### TASK PROMPT:
Would you print out every entry exactly as given?

### RECORDS TO USE:
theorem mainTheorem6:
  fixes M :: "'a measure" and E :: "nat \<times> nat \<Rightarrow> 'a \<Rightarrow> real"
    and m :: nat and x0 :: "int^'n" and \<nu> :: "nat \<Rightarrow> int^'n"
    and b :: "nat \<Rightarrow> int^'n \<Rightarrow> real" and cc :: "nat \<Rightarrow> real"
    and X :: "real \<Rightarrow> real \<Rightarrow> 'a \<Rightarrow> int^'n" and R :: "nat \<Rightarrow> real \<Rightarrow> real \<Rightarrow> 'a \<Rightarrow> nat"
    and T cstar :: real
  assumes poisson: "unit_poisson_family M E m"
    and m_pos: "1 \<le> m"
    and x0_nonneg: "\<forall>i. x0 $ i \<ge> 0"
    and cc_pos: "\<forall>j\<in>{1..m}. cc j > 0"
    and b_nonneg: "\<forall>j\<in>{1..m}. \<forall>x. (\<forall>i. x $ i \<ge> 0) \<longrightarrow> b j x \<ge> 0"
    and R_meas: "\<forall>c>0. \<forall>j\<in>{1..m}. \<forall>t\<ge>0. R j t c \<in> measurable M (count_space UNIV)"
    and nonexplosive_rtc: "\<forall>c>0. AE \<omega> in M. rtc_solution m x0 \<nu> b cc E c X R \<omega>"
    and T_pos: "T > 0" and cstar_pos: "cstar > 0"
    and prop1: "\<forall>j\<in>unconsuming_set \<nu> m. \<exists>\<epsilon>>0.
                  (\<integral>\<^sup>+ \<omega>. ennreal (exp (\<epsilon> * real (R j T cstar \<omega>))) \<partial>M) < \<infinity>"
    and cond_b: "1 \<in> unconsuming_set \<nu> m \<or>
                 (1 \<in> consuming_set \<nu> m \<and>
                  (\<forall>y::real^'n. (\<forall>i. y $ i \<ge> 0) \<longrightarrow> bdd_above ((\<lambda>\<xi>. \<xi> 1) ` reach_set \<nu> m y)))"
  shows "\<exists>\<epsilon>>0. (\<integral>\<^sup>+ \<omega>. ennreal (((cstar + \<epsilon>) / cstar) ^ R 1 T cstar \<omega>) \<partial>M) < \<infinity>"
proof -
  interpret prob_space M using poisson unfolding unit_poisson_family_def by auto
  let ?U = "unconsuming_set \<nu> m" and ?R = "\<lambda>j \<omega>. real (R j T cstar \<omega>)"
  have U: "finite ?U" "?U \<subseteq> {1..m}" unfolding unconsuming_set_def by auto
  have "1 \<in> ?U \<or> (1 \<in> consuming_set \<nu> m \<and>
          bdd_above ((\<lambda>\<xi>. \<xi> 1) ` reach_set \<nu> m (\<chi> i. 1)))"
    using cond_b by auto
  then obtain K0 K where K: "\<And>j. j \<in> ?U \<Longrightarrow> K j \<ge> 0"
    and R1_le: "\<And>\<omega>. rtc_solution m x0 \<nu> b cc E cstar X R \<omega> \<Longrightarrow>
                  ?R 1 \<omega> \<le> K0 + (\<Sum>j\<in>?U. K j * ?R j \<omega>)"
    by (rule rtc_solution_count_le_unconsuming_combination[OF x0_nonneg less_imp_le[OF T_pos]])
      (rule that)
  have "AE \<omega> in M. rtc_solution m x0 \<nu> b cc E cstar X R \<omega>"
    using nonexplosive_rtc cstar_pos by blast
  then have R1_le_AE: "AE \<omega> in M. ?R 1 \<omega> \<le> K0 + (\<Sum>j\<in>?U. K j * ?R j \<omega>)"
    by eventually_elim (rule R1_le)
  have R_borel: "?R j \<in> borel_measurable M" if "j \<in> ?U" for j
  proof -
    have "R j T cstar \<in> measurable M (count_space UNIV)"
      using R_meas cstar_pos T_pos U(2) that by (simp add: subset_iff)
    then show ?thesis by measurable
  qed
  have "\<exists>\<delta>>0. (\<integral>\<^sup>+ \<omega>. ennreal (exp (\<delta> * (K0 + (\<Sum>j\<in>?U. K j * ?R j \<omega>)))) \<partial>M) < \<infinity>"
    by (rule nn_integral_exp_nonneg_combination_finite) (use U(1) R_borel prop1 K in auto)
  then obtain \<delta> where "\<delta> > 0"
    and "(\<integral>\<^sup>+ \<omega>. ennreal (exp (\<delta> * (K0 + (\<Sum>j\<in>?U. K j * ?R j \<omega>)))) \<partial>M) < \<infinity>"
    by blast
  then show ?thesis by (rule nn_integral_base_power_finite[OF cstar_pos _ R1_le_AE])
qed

### WRITTEN RESPONSE:
theorem mainTheorem6:
  fixes M :: "'a measure" and E :: "nat \<times> nat \<Rightarrow> 'a \<Rightarrow> real"
    and m :: nat and x0 :: "int^'n" and \<nu> :: "nat \<Rightarrow> int^'n"
    and b :: "nat \<Rightarrow> int^'n \<Rightarrow> real" and cc :: "nat \<Rightarrow> real"
    and X :: "real \<Rightarrow> real \<Rightarrow> 'a \<Rightarrow> int^'n" and R :: "nat \<Rightarrow> real \<Rightarrow> real \<Rightarrow> 'a \<Rightarrow> nat"
    and T cstar :: real
  assumes poisson: "unit_poisson_family M E m"
    and m_pos: "1 \<le> m"
    and x0_nonneg: "\<forall>i. x0 $ i \<ge> 0"
    and cc_pos: "\<forall>j\<in>{1..m}. cc j > 0"
    and b_nonneg: "\<forall>j\<in>{1..m}. \<forall>x. (\<forall>i. x $ i \<ge> 0) \<longrightarrow> b j x \<ge> 0"
    and R_meas: "\<forall>c>0. \<forall>j\<in>{1..m}. \<forall>t\<ge>0. R j t c \<in> measurable M (count_space UNIV)"
    and nonexplosive_rtc: "\<forall>c>0. AE \<omega> in M. rtc_solution m x0 \<nu> b cc E c X R \<omega>"
    and T_pos: "T > 0" and cstar_pos: "cstar > 0"
    and prop1: "\<forall>j\<in>unconsuming_set \<nu> m. \<exists>\<epsilon>>0.
                  (\<integral>\<^sup>+ \<omega>. ennreal (exp (\<epsilon> * real (R j T cstar \<omega>))) \<partial>M) < \<infinity>"
    and cond_b: "1 \<in> unconsuming_set \<nu> m \<or>
                 (1 \<in> consuming_set \<nu> m \<and>
                  (\<forall>y::real^'n. (\<forall>i. y $ i \<ge> 0) \<longrightarrow> bdd_above ((\<lambda>\<xi>. \<xi> 1) ` reach_set \<nu> m y)))"
  shows "\<exists>\<epsilon>>0. (\<integral>\<^sup>+ \<omega>. ennreal (((cstar + \<epsilon>) / cstar) ^ R 1 T cstar \<omega>) \<partial>M) < \<infinity>"
proof -
  interpret prob_space M using poisson unfolding unit_poisson_family_def by auto
  let ?U = "unconsuming_set \<nu> m" and ?R = "\<lambda>j \<omega>. real (R j T cstar \<omega>)"
  have U: "finite ?U" "?U \<subseteq> {1..m}" unfolding unconsuming_set_def by auto
  have "1 \<in> ?U \<or> (1 \<in> consuming_set \<nu> m \<and>
          bdd_above ((\<lambda>\<xi>. \<xi> 1) ` reach_set \<nu> m (\<chi> i. 1)))"
    using cond_b by auto
  then obtain K0 K where K: "\<And>j. j \<in> ?U \<Longrightarrow> K j \<ge> 0"
    and R1_le: "\<And>\<omega>. rtc_solution m x0 \<nu> b cc E cstar X R \<omega> \<Longrightarrow>
                  ?R 1 \<omega> \<le> K0 + (\<Sum>j\<in>?U. K j * ?R j \<omega>)"
    by (rule rtc_solution_count_le_unconsuming_combination[OF x0_nonneg less_imp_le[OF T_pos]])
      (rule that)
  have "AE \<omega> in M. rtc_solution m x0 \<nu> b cc E cstar X R \<omega>"
    using nonexplosive_rtc cstar_pos by blast
  then have R1_le_AE: "AE \<omega> in M. ?R 1 \<omega> \<le> K0 + (\<Sum>j\<in>?U. K j * ?R j \<omega>)"
    by eventually_elim (rule R1_le)
  have R_borel: "?R j \<in> borel_measurable M" if "j \<in> ?U" for j
  proof -
    have "R j T cstar \<in> measurable M (count_space UNIV)"
      using R_meas cstar_pos T_pos U(2) that by (simp add: subset_iff)
    then show ?thesis by measurable
  qed
  have "\<exists>\<delta>>0. (\<integral>\<^sup>+ \<omega>. ennreal (exp (\<delta> * (K0 + (\<Sum>j\<in>?U. K j * ?R j \<omega>)))) \<partial>M) < \<infinity>"
    by (rule nn_integral_exp_nonneg_combination_finite) (use U(1) R_borel prop1 K in auto)
  then obtain \<delta> where "\<delta> > 0"
    and "(\<integral>\<^sup>+ \<omega>. ennreal (exp (\<delta> * (K0 + (\<Sum>j\<in>?U. K j * ?R j \<omega>)))) \<partial>M) < \<infinity>"
    by blast
  then show ?thesis by (rule nn_integral_base_power_finite[OF cstar_pos _ R1_le_AE])
qed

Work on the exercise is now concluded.